论文标题
性别动物仍然可以在有利的不同影响下存在:在线P2P贷款的警示故事
Gender Animus Can Still Exist Under Favorable Disparate Impact: a Cautionary Tale from Online P2P Lending
论文作者
论文摘要
本文在中国著名的在线点对点(P2P)贷款平台上调查了性别歧视及其基本驱动因素。尽管对P2P贷款的现有研究专注于不同的治疗(DT),但DT狭义地认识到直接的歧视和忽视间接和替代歧视,从而提供了不完整的情况。在这项工作中,我们测量了一个称为不同影响(DI)的扩展歧视概念,该概念涵盖了贷款融资率的任何差异,这些差异与实际回报率不相称。我们开发了一种两阶段的预测替代方法,以从观察数据中估算DI。我们的发现揭示了(i)女性借款人,鉴于实际的实际收益率相同,获得资金的可能性增加了3.97%,(ii)至少有37.1%的偏爱女性是间接或代理歧视,并且(iii)DT确实低估了总体女性偏爱的总数为44.6%。但是,我们还可以通过一个特定的歧视驱动因素(理性统计歧视,在其中,投资者可以准确地预测不完善的观察结果预期回报率。此外,女性借款人仍需要提高预期回报率2%才能获得资金,这表明另一个基于驾驶员的歧视歧视并存,并且反对女性。这些结果完全讲述了一个警示性的故事:一方面,P2P贷款提供了一个有价值的替代信贷市场,支持女性的平权行动自然而然地从理性人群中出现;另一方面,虽然总体歧视效应(在DI或DT方面)有利于女性,但与基于味觉的歧视有关,可以持续存在,并且可以被其他共存的歧视驱动因素(例如统计歧视)所掩盖。
This paper investigates gender discrimination and its underlying drivers on a prominent Chinese online peer-to-peer (P2P) lending platform. While existing studies on P2P lending focus on disparate treatment (DT), DT narrowly recognizes direct discrimination and overlooks indirect and proxy discrimination, providing an incomplete picture. In this work, we measure a broadened discrimination notion called disparate impact (DI), which encompasses any disparity in the loan's funding rate that does not commensurate with the actual return rate. We develop a two-stage predictor substitution approach to estimate DI from observational data. Our findings reveal (i) female borrowers, given identical actual return rates, are 3.97% more likely to receive funding, (ii) at least 37.1% of this DI favoring female is indirect or proxy discrimination, and (iii) DT indeed underestimates the overall female favoritism by 44.6%. However, we also identify the overall female favoritism can be explained by one specific discrimination driver, rational statistical discrimination, wherein investors accurately predict the expected return rate from imperfect observations. Furthermore, female borrowers still require 2% higher expected return rate to secure funding, indicating another driver taste-based discrimination co-exists and is against female.

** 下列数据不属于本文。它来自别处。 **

(* Let $G$ be a $k$-connected chordal graph and let $T$ be a tree decomposition of $G$ in which the label $l(x)$ of every node $x\in V(T)$ induces a maximal clique of $G$. Let $M'=\{\,l(x)\cap l(y) : \{x,y\}\in E(T)\,\}$ and let $M''=\{\,Y\in M' : \text{there is no } Z\in M' \text{ with } Z\subsetneq Y\,\}$. Then $M''$ is exactly the set of minimal vertex separators of $G$.
   Context: A graph is chordal if it is simple and has no chordless cycle (a cycle of length at least 4 with no chord). A tree decomposition of $G$ is a tree $T$ with a label $l(x)\subseteq V(G)$ for each node $x$, such that every vertex of $G$ lies in some label, every edge of $G$ has both endpoints in some label, and for each $v\in V(G)$ the set of nodes whose labels contain $v$ induces a connected subtree of $T$. A vertex separator of $G$ is a set $S\subseteq V(G)$ such that $G-S$ is disconnected; it is a minimal vertex separator if no proper subset of $S$ is a vertex separator. *)

theory Defs
  imports Main
begin

definition simple_graph :: "'a set \<Rightarrow> 'a set set \<Rightarrow> bool" where
  "simple_graph V E \<longleftrightarrow> finite V \<and>
     (\<forall>e\<in>E. \<exists>u v. u \<noteq> v \<and> e = {u, v} \<and> u \<in> V \<and> v \<in> V)"

text \<open>Connectivity of the subgraph induced by S (the empty set counts as connected).\<close>
definition connected_on :: "'a set set \<Rightarrow> 'a set \<Rightarrow> bool" where
  "connected_on E S \<longleftrightarrow>
     (\<forall>u\<in>S. \<forall>v\<in>S. (u, v) \<in> {(x, y). {x, y} \<in> E \<and> x \<in> S \<and> y \<in> S}\<^sup>*)"

definition is_cycle :: "'a set set \<Rightarrow> 'a list \<Rightarrow> bool" where
  "is_cycle E vs \<longleftrightarrow> distinct vs \<and> length vs \<ge> 3 \<and>
     (\<forall>i < length vs. {vs ! i, vs ! ((i + 1) mod length vs)} \<in> E)"

definition chordless :: "'a set set \<Rightarrow> 'a list \<Rightarrow> bool" where
  "chordless E vs \<longleftrightarrow>
     (\<forall>i < length vs. \<forall>j < length vs. {vs ! i, vs ! j} \<in> E \<longrightarrow>
        j = (i + 1) mod length vs \<or> i = (j + 1) mod length vs)"

definition chordal :: "'a set \<Rightarrow> 'a set set \<Rightarrow> bool" where
  "chordal V E \<longleftrightarrow> simple_graph V E \<and>
     \<not> (\<exists>vs. set vs \<subseteq> V \<and> is_cycle E vs \<and> length vs \<ge> 4 \<and> chordless E vs)"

These results altogether tell a cautionary tale: on one hand, P2P lending provides a valuable alternative credit market where the affirmative action to support female naturally emerges from the rational crowd; on the other hand, while the overall discrimination effect (both in terms of DI or DT) favors female, concerning taste-based discrimination can persist and can be obscured by other co-existing discrimination drivers, such as statistical discrimination.